Here, the 2 class distributions are the following - Class 0 mean: [0, 0] - Class 0 covariance: .2eye(2) - Class 1 mean: [1, 1] - Class 1 covariance: .2eye(2)

Labeled examples are chosen to be far from their respective means according to a uniform distribution in 2 dimensions between .2 and .75 away from the x1 or x2 coordinate of the mean

[55]:
randomizations = 20
N_per_class = 500
num_perfect = 2
uniform_min = 0.2
uniform_max = 0.75
view2_penalty = 'l1'
view2_solver = 'liblinear'

N_iters = np.arange(1, 202, 15)
acc_ct = [[] for _ in N_iters]
acc_view1 = []
acc_view2 = []
acc_combined = []


for count, iters in enumerate(N_iters):

    for seed in range(randomizations):

        ######################### Create Data ###########################
        np.random.seed(seed)

        view1_mu0 = np.zeros(2,)
        view1_mu1 = np.ones(2,)
        view1_cov = .2*np.eye(2)

        view2_mu0 = np.zeros(2,)
        view2_mu1 = np.ones(2,)
        view2_cov = .2*np.eye(2)

        # generage bad examples
        perfect_class0_v1 = view1_mu0 + np.random.uniform(uniform_min, uniform_max, size=view1_mu0.shape)
        perfect_class0_v2 = view1_mu0 + np.random.uniform(uniform_min, uniform_max, size=view1_mu0.shape)
        perfect_class1_v1 = view1_mu1 - np.random.uniform(uniform_min, uniform_max, size=view1_mu0.shape)
        perfect_class1_v2 = view1_mu1 - np.random.uniform(uniform_min, uniform_max, size=view1_mu0.shape)
        for p in range(1, num_perfect):
            perfect_class0_v1 = np.vstack((perfect_class0_v1, view1_mu0 + np.random.uniform(uniform_min, uniform_max, size=view1_mu0.shape)))
            perfect_class0_v2 = np.vstack((perfect_class0_v2, view1_mu0 + np.random.uniform(uniform_min, uniform_max, size=view1_mu0.shape)))
            perfect_class1_v1 = np.vstack((perfect_class1_v1, view1_mu1 - np.random.uniform(uniform_min, uniform_max, size=view1_mu0.shape)))
            perfect_class1_v2 = np.vstack((perfect_class1_v2, view1_mu1 - np.random.uniform(uniform_min, uniform_max, size=view1_mu0.shape)))
        perfect_labels = np.zeros(num_perfect,)
        perfect_labels = np.concatenate((perfect_labels, np.ones(num_perfect,)))

        view1_class0 = np.random.multivariate_normal(view1_mu0, view1_cov, size=N_per_class)
        view1_class1 = np.random.multivariate_normal(view1_mu1, view1_cov, size=N_per_class)

        view2_class0 = np.random.multivariate_normal(view2_mu0, view2_cov, size=N_per_class)
        view2_class1 = np.random.multivariate_normal(view2_mu1, view2_cov, size=N_per_class)
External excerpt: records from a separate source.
(* Assume $(X,T)$ is topologically mixing and $\phi$ satisfies (H2). Let $a\in\mathcal W^1$, $N\in\mathbb N$ with $\Omega^*=\{\omega\in\Omega_a:N_{aa}(\omega)\le N\}$ of positive measure. Then for a.e. $\omega\in\Omega^*$ and all $m,n\ge N$ with $\theta^m\omega,\theta^{m+n}\omega\in\Omega^*$, $$\mathcal Z^\omega_m(a)\,\mathcal Z^{\theta^m\omega}_n(a)\le B_{\theta^m\omega}\,\mathcal Z^\omega_{m+n}(a).$$
   Context: Let $(\Omega,\mathcal F,P)$ be a probability space and $\theta:\Omega\to\Omega$ an invertible, bimeasurable, $P$-preserving, ergodic map. Let $\ell:\Omega\to\mathbb N\cup\{\infty\}$ be measurable with $\ell_\omega>1$, and for a.e. $\omega$ let $A_\omega=(\alpha_{ij}(\omega))_{0\le i<\ell_\omega,\,0\le j<\ell_{\theta\omega}}$ be a $\{0,1\}$-matrix depending measurably on $\omega$ such that every row contains an entry $1$. Put $X_\omega=\{x=(x_0,x_1,\dots): x_i<\ell_{\theta^i\omega},\ \alpha_{x_ix_{i+1}}(\theta^i\omega)=1\ \forall i\ge0\}$, $T_\omega:X_\omega\to X_{\theta\omega}$ the left shift, $T^n_\omega=T_{\theta^{n-1}\omega}\circ\cdots\circ T_\omega$. A word $w=(w_0,\dots,w_{n-1})$ is $\omega$-admissible if $w_i<\ell_{\theta^i\omega}$ for all $i<n$ and $\alpha_{w_iw_{i+1}}(\theta^i\omega)=1$ for $i<n-1$; $\mathcal W^n_\omega$ is the set of such words of length $n$; $[w]_\omega=\{x\in X_\omega: x_i=w_i,\ i<n\}$; $\Omega_w=\{\omega: w\in\mathcal W^n_\omega\}$; $\mathcal W^n$ is the set of words $w$ of length $n$ with $P(\Omega_w)>0$. $(X,T)$ is topologically mixing if for all $a,b\in\mathcal W^1$ there is an $\mathbb N$-valued random variable $N_{ab}$ with $[a]_\omega\cap(T^n_\omega)^{-1}[b]_{\theta^n\omega}\ne\emptyset$ whenever $\omega\in\Omega_a$, $n\ge N_{ab}(\omega)$, $\theta^n\omega\in\Omega_b$. A potential is a measurable $\phi:X\to\mathbb R$, $(\omega,x)\mapsto\phi^\omega(x)$; $\phi^\omega_n(x)=\sum_{k=0}^{n-1}\phi^{\theta^k\omega}(T^k_\omega x)$; $V^\omega_n(\phi)=\sup\{|\phi^\omega(x)-\phi^\omega(y)|: x_i=y_i\ (i<n)\}$. $\phi$ is $k$-Hölder if there are $r\in(0,1)$ and a random variable $\kappa\ge1$ with $\int\log\kappa\,dP<\infty$ and $V^\omega_j(\phi)\le\kappa(\omega)r^j$ for all $j\ge k$, a.e. $\omega$; then $B_\omega:=\exp\sum_{j\ge1}\kappa(\theta^{-j}\omega)r^j$. (H2): $\phi$ is 2-Hölder and $\int\log B_\omega\,dP<\infty$. $L^{\omega,n}_\phi$ denotes the $n$-fold Ruelle operator, $L^{\omega,n}_\phi f(x)=\sum_{y\in X_\omega,T^n_\omega y=x}e^{\phi^\omega_n(y)}f(y)$. For $a\in\mathcal W^1$, $\omega\in\Omega_a$: $\mathcal W^n_\omega(a,a)=\{w\in\mathcal W^n_\omega: w_0=a,\ \alpha_{w_{n-1}a}(\theta^{n-1}\omega)=1\}$; fix a measurable family $\xi_\omega\in X_\omega$ with $\xi_\omega\in[a]_\omega$ for $\omega\in\Omega_a$; $\tau_w$ is the inverse of $T^n_\omega|_{[w]_\omega}$; $\mathcal Z^\omega_n(a)=\sum_{w\in\mathcal W^n_\omega(a,a)}e^{\phi^\omega_n(\tau_w(\xi_{\theta^n\omega}))}=L^{\omega,n}_\phi(1_{[a]_\omega})(\xi_{\theta^n\omega})$. *)

theory Defs
  imports "HOL-Probability.Probability" "HOL-Library.Extended_Nat"
begin

(* Sequences x = (x_0, x_1, ...) are functions nat => nat.
   ell :: 'w => enat  (values in N u {infinity}); alpha w i j  <->  alpha_ij(w) = 1. *)

definition base_system :: "'w measure \<Rightarrow> ('w \<Rightarrow> 'w) \<Rightarrow> bool" where
  "base_system M \<theta> \<longleftrightarrow>
     prob_space M \<and>
     bij_betw \<theta> (space M) (space M) \<and>
     \<theta> \<in> M \<rightarrow>\<^sub>M M \<and>
     (\<forall>A\<in>sets M. \<theta> ` A \<in> sets M) \<and>
     (\<forall>A\<in>sets M. emeasure M (\<theta> -` A \<inter> space M) = emeasure M A) \<and>
     (\<forall>A\<in>sets M. \<theta> -` A \<inter> space M = A \<longrightarrow> measure M A = 0 \<or> measure M A = 1)"

definition theta_inv :: "'w measure \<Rightarrow> ('w \<Rightarrow> 'w) \<Rightarrow> 'w \<Rightarrow> 'w" where
  "theta_inv M \<theta> = the_inv_into (space M) \<theta>"

definition shift_space ::
  "'w measure \<Rightarrow> ('w \<Rightarrow> 'w) \<Rightarrow> ('w \<Rightarrow> enat) \<Rightarrow> ('w \<Rightarrow> nat \<Rightarrow> nat \<Rightarrow> bool) \<Rightarrow> bool" where
  "shift_space M \<theta> \<L> \<alpha> \<longleftrightarrow>
     \<L> \<in> M \<rightarrow>\<^sub>M count_space UNIV \<and>
     (\<forall>\<omega>\<in>space M. \<L> \<omega> > 1) \<and>
     (\<forall>i j. {\<omega>\<in>space M. \<alpha> \<omega> i j} \<in> sets M) \<and>
     (\<forall>\<omega>\<in>space M. \<forall>i. enat i < \<L> \<omega> \<longrightarrow> (\<exists>j. enat j < \<L> (\<theta> \<omega>) \<and> \<alpha> \<omega> i j))"

definition Xfib :: "('w \<Rightarrow> 'w) \<Rightarrow> ('w \<Rightarrow> enat) \<Rightarrow> ('w \<Rightarrow> nat \<Rightarrow> nat \<Rightarrow> bool) \<Rightarrow> 'w \<Rightarrow> (nat \<Rightarrow> nat) set" where
  "Xfib \<theta> \<L> \<alpha> \<omega> = {x. \<forall>i. enat (x i) < \<L> ((\<theta>^^i) \<omega>) \<and> \<alpha> ((\<theta>^^i) \<omega>) (x i) (x (Suc i))}"

definition shiftn :: "nat \<Rightarrow> (nat \<Rightarrow> nat) \<Rightarrow> (nat \<Rightarrow> nat)" where
  "shiftn n x = (\<lambda>i. x (i + n))"

definition admissible :: "('w \<Rightarrow> 'w) \<Rightarrow> ('w \<Rightarrow> enat) \<Rightarrow> ('w \<Rightarrow> nat \<Rightarrow> nat \<Rightarrow> bool) \<Rightarrow> 'w \<Rightarrow> nat list \<Rightarrow> bool" where
  "admissible \<theta> \<L> \<alpha> \<omega> w \<longleftrightarrow>
     (\<forall>i<length w. enat (w ! i) < \<L> ((\<theta>^^i) \<omega>)) \<and>
     (\<forall>i. Suc i < length w \<longrightarrow> \<alpha> ((\<theta>^^i) \<omega>) (w ! i) (w ! Suc i))"

definition Omega_w :: "'w measure \<Rightarrow> ('w \<Rightarrow> 'w) \<Rightarrow> ('w \<Rightarrow> enat) \<Rightarrow> ('w \<Rightarrow> nat \<Rightarrow> nat \<Rightarrow> bool) \<Rightarrow> nat list \<Rightarrow> 'w set" where
  "Omega_w M \<theta> \<L> \<alpha> w = {\<omega>\<in>space M. admissible \<theta> \<L> \<alpha> \<omega> w}"

definition Wn :: "'w measure \<Rightarrow> ('w \<Rightarrow> 'w) \<Rightarrow> ('w \<Rightarrow> enat) \<Rightarrow> ('w \<Rightarrow> nat \<Rightarrow> nat \<Rightarrow> bool) \<Rightarrow> nat \<Rightarrow> nat list set" where
  "Wn M \<theta> \<L> \<alpha> n = {w. length w = n \<and> measure M (Omega_w M \<theta> \<L> \<alpha> w) > 0}"

definition cyl :: "('w \<Rightarrow> 'w) \<Rightarrow> ('w \<Rightarrow> enat) \<Rightarrow> ('w \<Rightarrow> nat \<Rightarrow> nat \<Rightarrow> bool) \<Rightarrow> 'w \<Rightarrow> nat list \<Rightarrow> (nat \<Rightarrow> nat) set" where
  "cyl \<theta> \<L> \<alpha> \<omega> w = {x \<in> Xfib \<theta> \<L> \<alpha> \<omega>. \<forall>i<length w. x i = w ! i}"

(* topological mixing, with the family of random variables N_ab given explicitly *)
definition top_mixing_with ::
  "'w measure \<Rightarrow> ('w \<Rightarrow> 'w) \<Rightarrow> ('w \<Rightarrow> enat) \<Rightarrow> ('w \<Rightarrow> nat \<Rightarrow> nat \<Rightarrow> bool) \<Rightarrow> (nat \<Rightarrow> nat \<Rightarrow> 'w \<Rightarrow> nat) \<Rightarrow> bool" where
  "top_mixing_with M \<theta> \<L> \<alpha> Nm \<longleftrightarrow>
     (\<forall>a b. [a] \<in> Wn M \<theta> \<L> \<alpha> 1 \<longrightarrow> [b] \<in> Wn M \<theta> \<L> \<alpha> 1 \<longrightarrow>
        Nm a b \<in> M \<rightarrow>\<^sub>M count_space UNIV \<and>
        (\<forall>\<omega>\<in>Omega_w M \<theta> \<L> \<alpha> [a]. \<forall>n. n \<ge> Nm a b \<omega> \<longrightarrow> (\<theta>^^n) \<omega> \<in> Omega_w M \<theta> \<L> \<alpha> [b] \<longrightarrow>
            cyl \<theta> \<L> \<alpha> \<omega> [a] \<inter> {x \<in> Xfib \<theta> \<L> \<alpha> \<omega>. shiftn n x \<in> cyl \<theta> \<L> \<alpha> ((\<theta>^^n) \<omega>) [b]} \<noteq> {}))"

definition top_mixing ::
  "'w measure \<Rightarrow> ('w \<Rightarrow> 'w) \<Rightarrow> ('w \<Rightarrow> enat) \<Rightarrow> ('w \<Rightarrow> nat \<Rightarrow> nat \<Rightarrow> bool) \<Rightarrow> bool" where
  "top_mixing M \<theta> \<L> \<alpha> \<longleftrightarrow> (\<exists>Nm. top_mixing_with M \<theta> \<L> \<alpha> Nm)"

definition Xall :: "'w measure \<Rightarrow> ('w \<Rightarrow> 'w) \<Rightarrow> ('w \<Rightarrow> enat) \<Rightarrow> ('w \<Rightarrow> nat \<Rightarrow> nat \<Rightarrow> bool) \<Rightarrow> ('w \<times> (nat \<Rightarrow> nat)) set" where
  "Xall M \<theta> \<L> \<alpha> = {(\<omega>, x). \<omega> \<in> space M \<and> x \<in> Xfib \<theta> \<L> \<alpha> \<omega>}"

definition seq_measure :: "(nat \<Rightarrow> nat) measure" where
  "seq_measure = PiM UNIV (\<lambda>_. count_space UNIV)"

definition potential ::
  "'w measure \<Rightarrow> ('w \<Rightarrow> 'w) \<Rightarrow> ('w \<Rightarrow> enat) \<Rightarrow> ('w \<Rightarrow> nat \<Rightarrow> nat \<Rightarrow> bool) \<Rightarrow> ('w \<Rightarrow> (nat \<Rightarrow> nat) \<Rightarrow> real) \<Rightarrow> bool" where
  "potential M \<theta> \<L> \<alpha> \<phi> \<longleftrightarrow>
     (\<lambda>(\<omega>, x). \<phi> \<omega> x) \<in> borel_measurable (restrict_space (M \<Otimes>\<^sub>M seq_measure) (Xall M \<theta> \<L> \<alpha>))"

definition phin :: "('w \<Rightarrow> 'w) \<Rightarrow> ('w \<Rightarrow> (nat \<Rightarrow> nat) \<Rightarrow> real) \<Rightarrow> 'w \<Rightarrow> nat \<Rightarrow> (nat \<Rightarrow> nat) \<Rightarrow> real" where
  "phin \<theta> \<phi> \<omega> n x = (\<Sum>k<n. \<phi> ((\<theta>^^k) \<omega>) (shiftn k x))"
        View1 = np.concatenate((view1_class0, view1_class1))
        View2 = np.concatenate((view2_class0, view2_class1))
        Labels = np.concatenate((np.zeros(N_per_class,), np.ones(N_per_class,)))


        # Split both views into testing and training
        View1_train, View1_test, labels_train_full, labels_test_full = train_test_split(View1, Labels, test_size=0.3, random_state=42)
        View2_train, View2_test, labels_train_full, labels_test_full = train_test_split(View2, Labels, test_size=0.3, random_state=42)

        labels_train = labels_train_full.copy()
        labels_test = labels_test_full.copy()


        # Add the perfect examples
        View1_train = np.vstack((View1_train, perfect_class0_v1, perfect_class1_v1))
        View2_train = np.vstack((View2_train, perfect_class0_v2, perfect_class1_v2))
        labels_train = np.concatenate((labels_train, perfect_labels))

        # randomly remove all but perfect labeled samples
        remove_idx = [True for i in range(len(labels_train)-2*num_perfect)]
        for i in range(2*num_perfect):
            remove_idx.append(False)


        labels_train[remove_idx] = np.nan
        not_removed = np.where(remove_idx==False)[0]
        not_removed = np.arange(len(labels_train)-2*num_perfect, len(labels_train))

        # make sure both classes have at least 1 labeled example
        if len(set(labels_train[not_removed])) != 2:
            continue

        if seed == 0 and count == 0:

            scatterplot_classes(not_removed, labels_train, labels_train_full, View1_train, View2_train)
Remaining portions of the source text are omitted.